**** Data under study

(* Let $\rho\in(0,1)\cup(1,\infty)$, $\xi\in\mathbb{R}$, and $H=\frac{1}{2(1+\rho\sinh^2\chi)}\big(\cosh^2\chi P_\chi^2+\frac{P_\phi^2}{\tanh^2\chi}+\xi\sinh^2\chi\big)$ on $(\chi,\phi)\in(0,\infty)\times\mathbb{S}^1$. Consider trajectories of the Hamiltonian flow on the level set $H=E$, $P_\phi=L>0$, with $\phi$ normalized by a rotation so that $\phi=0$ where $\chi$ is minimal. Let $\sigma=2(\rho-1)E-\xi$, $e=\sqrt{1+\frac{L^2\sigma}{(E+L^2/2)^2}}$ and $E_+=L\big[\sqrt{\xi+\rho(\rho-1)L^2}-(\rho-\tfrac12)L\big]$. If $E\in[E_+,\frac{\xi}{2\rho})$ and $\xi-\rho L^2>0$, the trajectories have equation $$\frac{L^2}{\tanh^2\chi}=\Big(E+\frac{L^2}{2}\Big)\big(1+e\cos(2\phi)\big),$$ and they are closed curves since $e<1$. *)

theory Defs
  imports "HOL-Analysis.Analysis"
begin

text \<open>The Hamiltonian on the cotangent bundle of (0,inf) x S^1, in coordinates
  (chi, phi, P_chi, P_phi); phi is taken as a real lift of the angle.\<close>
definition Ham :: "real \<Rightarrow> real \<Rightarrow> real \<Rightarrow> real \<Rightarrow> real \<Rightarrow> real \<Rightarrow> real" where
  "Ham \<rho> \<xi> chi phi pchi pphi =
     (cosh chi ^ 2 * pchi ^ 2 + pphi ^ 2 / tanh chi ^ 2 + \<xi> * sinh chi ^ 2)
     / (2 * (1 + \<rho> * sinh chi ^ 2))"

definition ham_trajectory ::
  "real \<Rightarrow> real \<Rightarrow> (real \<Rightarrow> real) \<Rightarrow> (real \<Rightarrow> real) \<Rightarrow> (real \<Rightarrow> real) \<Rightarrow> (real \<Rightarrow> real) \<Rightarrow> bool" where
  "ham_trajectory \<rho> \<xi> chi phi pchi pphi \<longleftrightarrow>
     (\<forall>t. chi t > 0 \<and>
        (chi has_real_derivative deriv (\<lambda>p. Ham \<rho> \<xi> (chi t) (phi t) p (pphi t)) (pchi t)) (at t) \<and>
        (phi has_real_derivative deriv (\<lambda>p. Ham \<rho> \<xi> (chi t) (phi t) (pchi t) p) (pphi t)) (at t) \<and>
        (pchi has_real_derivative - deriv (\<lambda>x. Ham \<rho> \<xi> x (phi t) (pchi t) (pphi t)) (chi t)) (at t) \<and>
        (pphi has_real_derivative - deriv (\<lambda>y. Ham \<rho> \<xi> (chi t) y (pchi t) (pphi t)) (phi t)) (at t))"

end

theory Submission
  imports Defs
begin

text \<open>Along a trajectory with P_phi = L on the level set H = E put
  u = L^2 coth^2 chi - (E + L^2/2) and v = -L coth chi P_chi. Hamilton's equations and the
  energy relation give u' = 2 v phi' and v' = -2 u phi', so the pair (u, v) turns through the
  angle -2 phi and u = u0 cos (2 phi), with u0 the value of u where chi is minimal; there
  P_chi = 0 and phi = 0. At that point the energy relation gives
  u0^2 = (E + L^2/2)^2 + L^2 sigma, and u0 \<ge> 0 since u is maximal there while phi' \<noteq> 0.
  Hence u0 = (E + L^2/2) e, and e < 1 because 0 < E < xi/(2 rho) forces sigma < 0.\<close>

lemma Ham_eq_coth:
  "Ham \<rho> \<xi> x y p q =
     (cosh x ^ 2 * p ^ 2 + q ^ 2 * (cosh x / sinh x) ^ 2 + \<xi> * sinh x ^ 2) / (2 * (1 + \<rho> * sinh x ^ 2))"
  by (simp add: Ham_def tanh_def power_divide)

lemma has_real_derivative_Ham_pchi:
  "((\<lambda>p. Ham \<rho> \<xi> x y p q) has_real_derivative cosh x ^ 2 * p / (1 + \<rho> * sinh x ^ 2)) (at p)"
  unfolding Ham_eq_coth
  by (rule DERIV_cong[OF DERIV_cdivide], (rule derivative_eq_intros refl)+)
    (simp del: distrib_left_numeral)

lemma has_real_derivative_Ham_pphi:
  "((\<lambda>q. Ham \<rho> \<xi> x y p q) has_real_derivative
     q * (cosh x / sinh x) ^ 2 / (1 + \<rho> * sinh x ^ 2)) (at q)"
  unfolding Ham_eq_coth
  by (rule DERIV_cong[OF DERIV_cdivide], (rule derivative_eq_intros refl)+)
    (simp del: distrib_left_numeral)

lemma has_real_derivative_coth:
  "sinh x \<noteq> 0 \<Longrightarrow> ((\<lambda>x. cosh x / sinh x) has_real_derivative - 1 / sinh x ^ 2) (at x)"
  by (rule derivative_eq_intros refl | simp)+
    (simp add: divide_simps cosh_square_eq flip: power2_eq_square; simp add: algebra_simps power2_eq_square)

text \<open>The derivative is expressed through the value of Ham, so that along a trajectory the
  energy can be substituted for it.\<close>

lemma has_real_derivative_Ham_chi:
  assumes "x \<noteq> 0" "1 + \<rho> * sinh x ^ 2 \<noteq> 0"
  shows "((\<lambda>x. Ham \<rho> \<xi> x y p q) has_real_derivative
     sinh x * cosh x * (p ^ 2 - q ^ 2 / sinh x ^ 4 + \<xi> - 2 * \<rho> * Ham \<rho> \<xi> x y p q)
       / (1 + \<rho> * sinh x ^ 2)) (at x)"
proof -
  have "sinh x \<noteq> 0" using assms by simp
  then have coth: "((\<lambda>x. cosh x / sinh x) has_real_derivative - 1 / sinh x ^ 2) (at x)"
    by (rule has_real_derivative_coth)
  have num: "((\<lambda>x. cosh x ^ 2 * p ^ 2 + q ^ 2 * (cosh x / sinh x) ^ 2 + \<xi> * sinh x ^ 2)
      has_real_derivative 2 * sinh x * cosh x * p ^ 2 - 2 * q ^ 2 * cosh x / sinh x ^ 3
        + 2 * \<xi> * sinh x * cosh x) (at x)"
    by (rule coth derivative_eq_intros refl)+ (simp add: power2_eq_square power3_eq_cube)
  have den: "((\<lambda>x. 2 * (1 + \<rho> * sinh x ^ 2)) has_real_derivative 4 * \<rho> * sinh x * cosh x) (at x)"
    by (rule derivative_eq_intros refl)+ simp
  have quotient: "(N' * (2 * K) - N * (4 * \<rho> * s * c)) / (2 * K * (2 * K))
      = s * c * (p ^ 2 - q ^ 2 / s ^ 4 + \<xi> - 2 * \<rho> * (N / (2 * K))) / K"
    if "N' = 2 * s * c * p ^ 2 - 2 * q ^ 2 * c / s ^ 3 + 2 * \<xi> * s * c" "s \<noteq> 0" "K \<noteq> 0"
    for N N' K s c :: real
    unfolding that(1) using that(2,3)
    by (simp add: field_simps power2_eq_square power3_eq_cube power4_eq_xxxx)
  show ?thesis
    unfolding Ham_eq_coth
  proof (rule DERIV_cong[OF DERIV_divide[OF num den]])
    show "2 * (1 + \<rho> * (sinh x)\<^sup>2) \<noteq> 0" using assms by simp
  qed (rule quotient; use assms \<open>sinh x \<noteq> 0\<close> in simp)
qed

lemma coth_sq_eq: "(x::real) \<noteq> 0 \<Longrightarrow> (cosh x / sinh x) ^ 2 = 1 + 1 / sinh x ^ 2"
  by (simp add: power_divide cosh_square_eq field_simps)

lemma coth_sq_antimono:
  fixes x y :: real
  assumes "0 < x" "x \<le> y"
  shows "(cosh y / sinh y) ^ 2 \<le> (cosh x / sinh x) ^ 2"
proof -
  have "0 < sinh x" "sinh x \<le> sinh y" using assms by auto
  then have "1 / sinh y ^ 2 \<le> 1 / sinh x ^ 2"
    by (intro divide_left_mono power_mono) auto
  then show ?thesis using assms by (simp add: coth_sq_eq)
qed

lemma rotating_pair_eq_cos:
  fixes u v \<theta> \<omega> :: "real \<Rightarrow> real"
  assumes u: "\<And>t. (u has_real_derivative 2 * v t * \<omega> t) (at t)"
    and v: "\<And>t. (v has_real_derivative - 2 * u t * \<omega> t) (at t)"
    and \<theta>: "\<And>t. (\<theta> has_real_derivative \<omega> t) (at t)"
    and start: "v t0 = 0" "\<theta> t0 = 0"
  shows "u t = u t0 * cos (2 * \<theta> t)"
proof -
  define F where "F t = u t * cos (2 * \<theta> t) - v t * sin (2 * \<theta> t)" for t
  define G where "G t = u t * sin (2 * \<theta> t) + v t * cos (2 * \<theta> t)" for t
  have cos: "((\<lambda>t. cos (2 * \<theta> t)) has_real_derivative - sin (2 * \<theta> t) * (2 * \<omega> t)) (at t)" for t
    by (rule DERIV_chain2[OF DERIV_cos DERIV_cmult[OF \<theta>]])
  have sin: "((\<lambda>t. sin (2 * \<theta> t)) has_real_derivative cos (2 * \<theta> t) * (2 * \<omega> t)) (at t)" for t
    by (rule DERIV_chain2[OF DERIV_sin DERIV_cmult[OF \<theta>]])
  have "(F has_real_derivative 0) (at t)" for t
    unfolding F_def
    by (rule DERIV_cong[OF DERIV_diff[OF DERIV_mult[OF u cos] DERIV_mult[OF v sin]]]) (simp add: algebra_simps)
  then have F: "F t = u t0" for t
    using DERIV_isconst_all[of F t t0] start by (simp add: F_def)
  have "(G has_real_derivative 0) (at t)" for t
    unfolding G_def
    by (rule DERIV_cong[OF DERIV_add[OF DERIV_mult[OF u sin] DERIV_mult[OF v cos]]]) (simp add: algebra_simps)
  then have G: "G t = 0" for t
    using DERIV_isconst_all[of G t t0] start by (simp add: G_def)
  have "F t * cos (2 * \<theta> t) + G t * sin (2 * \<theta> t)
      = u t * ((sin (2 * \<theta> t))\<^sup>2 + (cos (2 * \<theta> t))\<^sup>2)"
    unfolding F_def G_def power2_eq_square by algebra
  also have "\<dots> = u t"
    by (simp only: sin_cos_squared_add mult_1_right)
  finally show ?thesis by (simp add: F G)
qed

********
**** Data under study

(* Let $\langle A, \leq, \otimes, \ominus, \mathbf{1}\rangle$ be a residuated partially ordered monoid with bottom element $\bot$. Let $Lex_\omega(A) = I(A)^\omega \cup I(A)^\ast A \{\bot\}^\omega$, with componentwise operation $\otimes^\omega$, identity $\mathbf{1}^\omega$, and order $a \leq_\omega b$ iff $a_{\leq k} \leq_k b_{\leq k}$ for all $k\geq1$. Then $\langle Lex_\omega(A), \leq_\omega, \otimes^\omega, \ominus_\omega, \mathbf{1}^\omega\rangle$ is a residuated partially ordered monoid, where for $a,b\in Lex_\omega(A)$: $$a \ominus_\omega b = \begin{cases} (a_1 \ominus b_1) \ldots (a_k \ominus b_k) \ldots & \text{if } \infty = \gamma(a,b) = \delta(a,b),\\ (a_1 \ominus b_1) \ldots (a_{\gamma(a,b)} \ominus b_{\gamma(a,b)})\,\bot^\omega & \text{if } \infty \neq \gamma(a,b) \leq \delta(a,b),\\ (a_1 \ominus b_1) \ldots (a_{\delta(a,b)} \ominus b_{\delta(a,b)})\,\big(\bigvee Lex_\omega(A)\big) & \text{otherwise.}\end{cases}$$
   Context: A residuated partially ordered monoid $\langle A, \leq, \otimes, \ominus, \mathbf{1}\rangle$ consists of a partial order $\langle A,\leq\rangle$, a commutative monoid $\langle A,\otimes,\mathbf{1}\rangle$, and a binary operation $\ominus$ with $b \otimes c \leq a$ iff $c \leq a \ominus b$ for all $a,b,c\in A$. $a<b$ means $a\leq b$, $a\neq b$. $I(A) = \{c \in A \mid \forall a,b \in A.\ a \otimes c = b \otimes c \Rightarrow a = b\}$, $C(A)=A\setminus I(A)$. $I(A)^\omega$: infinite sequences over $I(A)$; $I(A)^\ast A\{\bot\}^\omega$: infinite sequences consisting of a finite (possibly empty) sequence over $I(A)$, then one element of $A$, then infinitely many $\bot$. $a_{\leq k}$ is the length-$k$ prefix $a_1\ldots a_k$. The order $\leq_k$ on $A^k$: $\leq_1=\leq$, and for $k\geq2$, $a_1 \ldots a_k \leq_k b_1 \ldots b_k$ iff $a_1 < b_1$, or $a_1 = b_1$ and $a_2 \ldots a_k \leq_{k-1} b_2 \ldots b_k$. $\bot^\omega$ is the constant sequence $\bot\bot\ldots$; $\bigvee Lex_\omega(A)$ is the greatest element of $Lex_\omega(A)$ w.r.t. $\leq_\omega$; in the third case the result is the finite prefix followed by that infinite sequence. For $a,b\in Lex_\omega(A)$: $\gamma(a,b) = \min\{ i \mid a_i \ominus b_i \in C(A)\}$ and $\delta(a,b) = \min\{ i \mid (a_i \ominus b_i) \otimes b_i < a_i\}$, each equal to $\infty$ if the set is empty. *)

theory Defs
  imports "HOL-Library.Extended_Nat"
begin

********

▶ _Exercise_:
Your reply is to repeat, unchanged, the lines above running from the one with "(chi has_real_derivative deriv" up to and including the one with "theory Submission".

▶ _Task answer_:
        (chi has_real_derivative deriv (\<lambda>p. Ham \<rho> \<xi> (chi t) (phi t) p (pphi t)) (pchi t)) (at t) \<and>
        (phi has_real_derivative deriv (\<lambda>p. Ham \<rho> \<xi> (chi t) (phi t) (pchi t) p) (pphi t)) (at t) \<and>
        (pchi has_real_derivative - deriv (\<lambda>x. Ham \<rho> \<xi> x (phi t) (pchi t) (pphi t)) (chi t)) (at t) \<and>
        (pphi has_real_derivative - deriv (\<lambda>y. Ham \<rho> \<xi> (chi t) y (pchi t) (pphi t)) (phi t)) (at t))"

end

theory Submission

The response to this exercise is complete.